» **Exercise brief**
Find the line containing "finally show ?thesis ." in the records below. Copy exactly that line and each one after it, ending at the line containing "unfolding psi_def[abs_def] frac_def", and nothing more.

Stored data
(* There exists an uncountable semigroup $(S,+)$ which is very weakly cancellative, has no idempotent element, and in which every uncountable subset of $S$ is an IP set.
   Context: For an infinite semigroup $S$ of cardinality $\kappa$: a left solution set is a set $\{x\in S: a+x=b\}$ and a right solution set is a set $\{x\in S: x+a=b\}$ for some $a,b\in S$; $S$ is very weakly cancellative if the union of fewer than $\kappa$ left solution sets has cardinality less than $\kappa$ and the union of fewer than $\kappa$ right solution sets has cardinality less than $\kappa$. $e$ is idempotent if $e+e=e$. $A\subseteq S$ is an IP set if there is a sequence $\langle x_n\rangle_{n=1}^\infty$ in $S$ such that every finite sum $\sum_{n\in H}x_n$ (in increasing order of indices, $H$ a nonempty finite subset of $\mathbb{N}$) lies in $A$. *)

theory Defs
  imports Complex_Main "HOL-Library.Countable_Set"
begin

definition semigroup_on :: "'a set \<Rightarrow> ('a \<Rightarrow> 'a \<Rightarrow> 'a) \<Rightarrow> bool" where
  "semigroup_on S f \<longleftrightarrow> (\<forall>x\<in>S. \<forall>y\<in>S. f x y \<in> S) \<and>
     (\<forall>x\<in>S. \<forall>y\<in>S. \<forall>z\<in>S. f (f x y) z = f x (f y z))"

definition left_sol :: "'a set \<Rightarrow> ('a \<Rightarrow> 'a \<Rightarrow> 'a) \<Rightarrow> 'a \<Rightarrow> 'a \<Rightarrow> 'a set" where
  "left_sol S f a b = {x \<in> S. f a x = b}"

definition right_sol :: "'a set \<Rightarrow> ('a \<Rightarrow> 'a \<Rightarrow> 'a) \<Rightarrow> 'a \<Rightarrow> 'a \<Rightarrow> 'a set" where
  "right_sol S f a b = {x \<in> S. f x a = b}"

---

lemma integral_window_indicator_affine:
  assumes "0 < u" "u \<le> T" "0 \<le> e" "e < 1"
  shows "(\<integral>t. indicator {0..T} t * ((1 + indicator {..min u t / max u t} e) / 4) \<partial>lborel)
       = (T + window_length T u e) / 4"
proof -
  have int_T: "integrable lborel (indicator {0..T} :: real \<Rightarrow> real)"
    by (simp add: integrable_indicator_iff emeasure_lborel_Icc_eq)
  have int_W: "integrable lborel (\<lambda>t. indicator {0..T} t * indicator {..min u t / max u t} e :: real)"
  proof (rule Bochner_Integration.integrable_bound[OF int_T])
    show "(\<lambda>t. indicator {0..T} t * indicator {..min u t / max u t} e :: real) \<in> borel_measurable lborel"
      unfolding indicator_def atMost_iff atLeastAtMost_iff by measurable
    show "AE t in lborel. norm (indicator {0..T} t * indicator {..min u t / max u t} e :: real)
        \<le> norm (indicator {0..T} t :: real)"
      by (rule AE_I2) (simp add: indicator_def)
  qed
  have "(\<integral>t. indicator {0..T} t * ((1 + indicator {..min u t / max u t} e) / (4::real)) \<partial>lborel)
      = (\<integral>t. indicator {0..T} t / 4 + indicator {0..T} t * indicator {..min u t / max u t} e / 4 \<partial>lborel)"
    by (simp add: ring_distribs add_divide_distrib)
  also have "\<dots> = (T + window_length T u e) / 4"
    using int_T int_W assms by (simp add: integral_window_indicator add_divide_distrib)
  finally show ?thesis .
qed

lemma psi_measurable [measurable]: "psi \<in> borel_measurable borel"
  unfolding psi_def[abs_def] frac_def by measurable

» **Answer to this exercise**
  finally show ?thesis .
qed

lemma psi_measurable [measurable]: "psi \<in> borel_measurable borel"
  unfolding psi_def[abs_def] frac_def by measurable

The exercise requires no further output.